Circuit breakers come to rescue.
This idea can also be applied to software applications with integration points. A software with one or more integrations are destined to fail at any given time. This is a given. Circuit breakers can help prevent operations that is already known not to be healthy.
Circuit breakers are a way to degrade functionality when the system is under stress. Changes in the circuit breakers’ state should always be logged and monitored. Circuit breakers are effective at guarding against integration points, cascading failures, slow responses etc.
In a normal closed state, circuit breakers executes operations as usual. Other services can be invoked, internal operations can proceed. However if any operations fail, circuit breakers store this information, that is including any times. Once the number of failures exceeds a certain threshold, circuit breaker trips and opens the circuit. Any call made to the circuit breaker, it fails immediately.

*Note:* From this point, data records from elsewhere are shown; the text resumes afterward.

(* Let $C_i=(Q_i,s_i,D_i,E_i)$, $i\in\{1,2\}$, be finite charts. If $s_1\sim s_2$ (i.e. $C_1\sim C_2$), then $\mathsf{bd}([C_1],[C_2])=0$. Otherwise $\mathsf{bd}([C_1],[C_2])=2^{-n}$, where $n\in\mathbb{N}$ is the largest natural number such that $s_1\sim^{(n)}s_2$.
   Context: Fix a set $V=\{v_1,v_2,\dots\}$ of variables and a set $\Sigma$ of letters. A prechart is a triple $(Q,D,E)$ with $D\subseteq Q\times\Sigma\times Q$ and $E\subseteq Q\times V$ finite relations; write $q\xrightarrow{a}q'$ for $(q,a,q')\in D$, $q\rhd v$ for $(q,v)\in E$, $E(q)=\{v\mid (q,v)\in E\}$. Equivalently a prechart is a pair $(Q,\beta)$ with $\beta:Q\to P_{\mathrm{fin}}(\Sigma\times Q+V)$, $\beta(q)=\{(a,q')\mid q\xrightarrow{a}q'\}\cup E(q)$. A chart $(Q,s,D,E)$ is a prechart with a start state $s\in Q$; it is finite if $Q$ is finite. A bisimulation between precharts $(Q_1,D_1,E_1)$, $(Q_2,D_2,E_2)$ is $R\subseteq Q_1\times Q_2$ such that whenever $(q_1,q_2)\in R$: $E_1(q_1)=E_2(q_2)$; if $q_1\xrightarrow{a}q_1'$ there is $q_2'$ with $q_2\xrightarrow{a}q_2'$ and $(q_1',q_2')\in R$; and symmetrically. States are bisimilar ($\sim$) if related by some bisimulation; charts are bisimilar if their start states are. Stratified bisimilarity: $q_1\sim^{(0)}q_2$ always; $q_1\sim^{(n+1)}q_2$ iff $E_1(q_1)=E_2(q_2)$, every $q_1\xrightarrow{a}q_1'$ is matched by some $q_2\xrightarrow{a}q_2'$ with $q_1'\sim^{(n)}q_2'$, and symmetrically. $\Omega$ is the set of finite charts modulo bisimilarity, made into a prechart by $[(Q,s,D,E)]\xrightarrow{a}[(Q,s',D,E)]$ iff $s\xrightarrow{a}s'$ and $[(Q,s,D,E)]\rhd v$ iff $s\rhd v$. Behavioural distance: a 1-bounded pseudometric on $X$ is $d:X\times X\to[0,1]$ with $d(x,x)=0$, symmetry and triangle inequality; $D_X$ denotes the set of these, ordered pointwise (a complete lattice). For $d\in D_X$ define $d^\uparrow$ on $\Sigma\times X+V$ by $d^\uparrow((a,x),(a,y))=\tfrac12 d(x,y)$, $d^\uparrow(m,n)=0$ if $m=n$, and $d^\uparrow(m,n)=1$ otherwise. The Hausdorff lifting is $\mathcal H(d)(A,B)=\max\{\sup_{x\in A}\inf_{y\in B}d(x,y),\ \sup_{y\in B}\inf_{x\in A}d(y,x)\}$ for finite $A,B\subseteq X$, with $\sup\emptyset=0$ and $\inf\emptyset=1$. For a prechart $(Q,\beta)$, $\Phi_\beta:D_Q\to D_Q$ is $\Phi_\beta(d)(q_1,q_2)=\mathcal H(d^\uparrow)(\beta(q_1),\beta(q_2))$; it is monotone and $\mathsf{bd}_\beta$ denotes its least fixpoint. $\mathsf{bd}$ denotes $\mathsf{bd}_\beta$ for the prechart $\Omega$. *)

theory Defs
  imports Complex_Main
begin

text \<open>A chart (Q, s, D, E): states Q, start state s, transitions D, variable outputs E.
  Letters have type 'a, variables type 'v.\<close>

type_synonym ('q, 'a, 'v) chart = "'q set \<times> 'q \<times> ('q \<times> 'a \<times> 'q) set \<times> ('q \<times> 'v) set"

definition finite_chart :: "('q, 'a, 'v) chart \<Rightarrow> bool" where
  "finite_chart C = (case C of (Q, s, D, E) \<Rightarrow>
     finite Q \<and> s \<in> Q \<and> D \<subseteq> Q \<times> UNIV \<times> Q \<and> E \<subseteq> Q \<times> UNIV \<and> finite D \<and> finite E)"

definition outs :: "('q \<times> 'v) set \<Rightarrow> 'q \<Rightarrow> 'v set" where
  "outs E q = {v. (q, v) \<in> E}"

definition is_bisim ::
  "'q1 set \<Rightarrow> ('q1 \<times> 'a \<times> 'q1) set \<Rightarrow> ('q1 \<times> 'v) set \<Rightarrow>
   'q2 set \<Rightarrow> ('q2 \<times> 'a \<times> 'q2) set \<Rightarrow> ('q2 \<times> 'v) set \<Rightarrow> ('q1 \<times> 'q2) set \<Rightarrow> bool" where
  "is_bisim Q1 D1 E1 Q2 D2 E2 R \<longleftrightarrow> R \<subseteq> Q1 \<times> Q2 \<and>
     (\<forall>(q1, q2) \<in> R. outs E1 q1 = outs E2 q2 \<and>
        (\<forall>a q1'. (q1, a, q1') \<in> D1 \<longrightarrow> (\<exists>q2'. (q2, a, q2') \<in> D2 \<and> (q1', q2') \<in> R)) \<and>
        (\<forall>a q2'. (q2, a, q2') \<in> D2 \<longrightarrow> (\<exists>q1'. (q1, a, q1') \<in> D1 \<and> (q1', q2') \<in> R)))"

definition chart_bisim :: "('q1, 'a, 'v) chart \<Rightarrow> ('q2, 'a, 'v) chart \<Rightarrow> bool" where
  "chart_bisim C1 C2 = (case C1 of (Q1, s1, D1, E1) \<Rightarrow> case C2 of (Q2, s2, D2, E2) \<Rightarrow>
     (\<exists>R. is_bisim Q1 D1 E1 Q2 D2 E2 R \<and> (s1, s2) \<in> R))"

fun sbisim :: "nat \<Rightarrow> ('q1 \<times> 'a \<times> 'q1) set \<Rightarrow> ('q1 \<times> 'v) set \<Rightarrow>
   ('q2 \<times> 'a \<times> 'q2) set \<Rightarrow> ('q2 \<times> 'v) set \<Rightarrow> 'q1 \<Rightarrow> 'q2 \<Rightarrow> bool" where
  "sbisim 0 D1 E1 D2 E2 q1 q2 = True"
| "sbisim (Suc n) D1 E1 D2 E2 q1 q2 = (outs E1 q1 = outs E2 q2 \<and>
     (\<forall>a q1'. (q1, a, q1') \<in> D1 \<longrightarrow> (\<exists>q2'. (q2, a, q2') \<in> D2 \<and> sbisim n D1 E1 D2 E2 q1' q2')) \<and>
     (\<forall>a q2'. (q2, a, q2') \<in> D2 \<longrightarrow> (\<exists>q1'. (q1, a, q1') \<in> D1 \<and> sbisim n D1 E1 D2 E2 q1' q2')))"

text \<open>Every finite chart is isomorphic to one whose states are natural numbers, so
  \<Omega> (finite charts modulo bisimilarity) is represented by classes of nat-state charts.\<close>

type_synonym ('a, 'v) omega = "(nat, 'a, 'v) chart set"

definition cls :: "('q, 'a, 'v) chart \<Rightarrow> ('a, 'v) omega" where
  "cls C = {C' :: (nat, 'a, 'v) chart. finite_chart C' \<and> chart_bisim C' C}"

definition Omega :: "('a, 'v) omega set" where
  "Omega = {cls C | C :: (nat, 'a, 'v) chart. finite_chart C}"

definition om_trans :: "('a, 'v) omega \<Rightarrow> 'a \<Rightarrow> ('a, 'v) omega \<Rightarrow> bool" where
  "om_trans w a w' \<longleftrightarrow> (\<exists>Q s D E s'. (Q, s, D, E) \<in> w \<and> (s, a, s') \<in> D \<and> w' = cls (Q, s', D, E))"

definition om_out :: "('a, 'v) omega \<Rightarrow> 'v \<Rightarrow> bool" where
  "om_out w v \<longleftrightarrow> (\<exists>Q s D E. (Q, s, D, E) \<in> w \<and> (s, v) \<in> E)"

definition om_beta :: "('a, 'v) omega \<Rightarrow> (('a \<times> ('a, 'v) omega) + 'v) set" where
  "om_beta w = {Inl (a, w') | a w'. om_trans w a w'} \<union> {Inr v | v. om_out w v}"

definition pseudometric_on :: "'x set \<Rightarrow> ('x \<Rightarrow> 'x \<Rightarrow> real) \<Rightarrow> bool" where
  "pseudometric_on X d \<longleftrightarrow>
     (\<forall>x\<in>X. \<forall>y\<in>X. 0 \<le> d x y \<and> d x y \<le> 1) \<and>
     (\<forall>x\<in>X. d x x = 0) \<and>
     (\<forall>x\<in>X. \<forall>y\<in>X. d x y = d y x) \<and>
     (\<forall>x\<in>X. \<forall>y\<in>X. \<forall>z\<in>X. d x z \<le> d x y + d y z)"

text \<open>D_X: 1-bounded pseudometrics on X, represented extensionally (value 0 outside X).\<close>
definition DX :: "'x set \<Rightarrow> ('x \<Rightarrow> 'x \<Rightarrow> real) set" where
  "DX X = {d. pseudometric_on X d \<and> (\<forall>x y. x \<notin> X \<or> y \<notin> X \<longrightarrow> d x y = 0)}"

definition lift :: "('x \<Rightarrow> 'x \<Rightarrow> real) \<Rightarrow> (('a \<times> 'x) + 'v) \<Rightarrow> (('a \<times> 'x) + 'v) \<Rightarrow> real" where
  "lift d m n = (case (m, n) of
      (Inl (a, x), Inl (b, y)) \<Rightarrow> if a = b then d x y / 2 else 1
    | _ \<Rightarrow> if m = n then 0 else 1)"

definition supr :: "real set \<Rightarrow> real" where
  "supr S = (if S = {} then 0 else Max S)"

definition infr :: "real set \<Rightarrow> real" where
  "infr S = (if S = {} then 1 else Min S)"

definition hausdorff :: "('y \<Rightarrow> 'y \<Rightarrow> real) \<Rightarrow> 'y set \<Rightarrow> 'y set \<Rightarrow> real" where
  "hausdorff d A B = max (supr ((\<lambda>x. infr ((\<lambda>y. d x y) ` B)) ` A))
                         (supr ((\<lambda>y. infr ((\<lambda>x. d y x) ` A)) ` B))"

definition Phi :: "'x set \<Rightarrow> ('x \<Rightarrow> (('a \<times> 'x) + 'v) set) \<Rightarrow> ('x \<Rightarrow> 'x \<Rightarrow> real) \<Rightarrow> ('x \<Rightarrow> 'x \<Rightarrow> real)" where
  "Phi X beta d = (\<lambda>q1 q2. if q1 \<in> X \<and> q2 \<in> X then hausdorff (lift d) (beta q1) (beta q2) else 0)"

definition bd_of :: "'x set \<Rightarrow> ('x \<Rightarrow> (('a \<times> 'x) + 'v) set) \<Rightarrow> ('x \<Rightarrow> 'x \<Rightarrow> real)" where
  "bd_of X beta = (THE d. d \<in> DX X \<and> Phi X beta d = d \<and>
      (\<forall>d' \<in> DX X. Phi X beta d' = d' \<longrightarrow> (\<forall>x y. d x y \<le> d' x y)))"

definition bd :: "('a, 'v) omega \<Rightarrow> ('a, 'v) omega \<Rightarrow> real" where
  "bd = bd_of Omega om_beta"

end

theory Submission
  imports Defs
begin

(*
  Stratified bisimilarity is the iterated relation lifting of the branching functor
  P_fin(Sigma x - + V), and for symmetric d the Hausdorff lifting satisfies
  H(d^)(beta x, beta y) < 2^-n exactly when beta x and beta y are related by the lifting of
  {(x', y'). d x' y' < 2^(1-n)}. Hence, on any image-finite prechart, the distance that is 0 when
  x ~(n) y for all n, and 2^-n for the largest such n otherwise, is a fixpoint of Phi: both sides
  take values in {0} and the powers of 1/2, where a value is determined by the 2^-n it lies below.
  Induction on n shows that d x y < 2^(1-n) implies x ~(n) y for every fixpoint d in D_X, so this
  distance is the least fixpoint. On Omega the levels of [C1] and [C2] are those of s1 and s2, and
  for finite charts agreement at all levels is bisimilarity, because a state has only finitely
  many successors to choose a matching one from.
*)

section \<open>Stratified bisimilarity on a prechart\<close>

abbreviation rel_branching ::
  "('x \<Rightarrow> 'y \<Rightarrow> bool) \<Rightarrow> (('a \<times> 'x) + 'v) set \<Rightarrow> (('a \<times> 'y) + 'v) set \<Rightarrow> bool" where
  "rel_branching R \<equiv> rel_set (rel_sum (rel_prod (=) R) (=))"

lemma rel_branching_iff:
  "rel_branching R A B \<longleftrightarrow>
     (\<forall>v. Inr v \<in> A \<longleftrightarrow> Inr v \<in> B) \<and>
     (\<forall>a x. Inl (a, x) \<in> A \<longrightarrow> (\<exists>y. Inl (a, y) \<in> B \<and> R x y)) \<and>
     (\<forall>a y. Inl (a, y) \<in> B \<longrightarrow> (\<exists>x. Inl (a, x) \<in> A \<and> R x y))"
  unfolding rel_set_def Ball_def
  by (auto simp: rel_sum.simps rel_prod_conv split: sum.split) (metis sumE surj_pair)+

lemma rel_branching_mono_on:
  assumes "rel_branching R A B"
    and "\<And>a x b y. Inl (a, x) \<in> A \<Longrightarrow> Inl (b, y) \<in> B \<Longrightarrow> R x y \<Longrightarrow> S x y"
  shows "rel_branching S A B"
  using assms unfolding rel_branching_iff by blast

fun strat_bisim :: "('x \<Rightarrow> (('a \<times> 'x) + 'v) set) \<Rightarrow> nat \<Rightarrow> 'x \<Rightarrow> 'x \<Rightarrow> bool" where
  "strat_bisim \<beta> 0 x y = True"
| "strat_bisim \<beta> (Suc n) x y = rel_branching (strat_bisim \<beta> n) (\<beta> x) (\<beta> y)"

declare strat_bisim.simps(2) [simp del]

lemma strat_bisim_refl: "strat_bisim \<beta> n x x"
  by (induction n arbitrary: x) (auto simp: strat_bisim.simps(2) rel_branching_iff)

lemma strat_bisim_sym: "strat_bisim \<beta> n x y \<Longrightarrow> strat_bisim \<beta> n y x"
proof (induction n arbitrary: x y)
  case (Suc n)
  then show ?case unfolding strat_bisim.simps rel_branching_iff by blast
qed simp

lemma strat_bisim_trans:
  "strat_bisim \<beta> n x y \<Longrightarrow> strat_bisim \<beta> n y z \<Longrightarrow> strat_bisim \<beta> n x z"
proof (induction n arbitrary: x y z)
  case (Suc n)
  then show ?case unfolding strat_bisim.simps rel_branching_iff by meson
qed simp

lemma strat_bisim_Suc_imp: "strat_bisim \<beta> (Suc n) x y \<Longrightarrow> strat_bisim \<beta> n x y"
proof (induction n arbitrary: x y)
  case (Suc n)
  have "rel_branching (strat_bisim \<beta> (Suc n)) (\<beta> x) (\<beta> y)"
    using Suc.prems by (simp only: strat_bisim.simps(2))
  then have "rel_branching (strat_bisim \<beta> n) (\<beta> x) (\<beta> y)"
    by (rule rel_branching_mono_on) (rule Suc.IH)
  then show ?case by (simp only: strat_bisim.simps(2))
qed simp

lemma strat_bisim_antimono: "m \<le> n \<Longrightarrow> strat_bisim \<beta> n x y \<Longrightarrow> strat_bisim \<beta> m x y"
  by (induction n rule: dec_induct) (blast dest: strat_bisim_Suc_imp)+

section \<open>The depth distance\<close>

definition half_powers :: "real set" where
  "half_powers = insert 0 (range (\<lambda>n. 1 / 2 ^ n))"

lemma zero_in_half_powers [simp]: "0 \<in> half_powers"
  and half_power_in_half_powers [simp]: "1 / 2 ^ n \<in> half_powers"
  unfolding half_powers_def by blast+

This is very important, because most of the failures occurs due to blocked threads, race conditions and dead locks. Hence, if a service is not responding or continuously timing out, what is the point of invoking it. All yours threads will be blocked and you will run out of them. Soon, your JVM or runtime will crash.
After a configurable amount of time, circuit breaker can go into half open state, in which calls can pass-through and if all goes well, circuit breaker closes. If things are still failing, circuit breakers opens again.
If circuit breaker is open, you can either let the user know something is not working and check back soon. Or you can have fallback services. The latter is much more better however services unfortunately can not have fallback due to their responsibility and function.
You can have multiple circuit breakers for different purposes such as timeouts, connections refused and other type of failures.
There are several tools that can help you implement circuit breakers in your system. Netflix has an open source project for this purpose called hystrix . You can check out it and see how things work.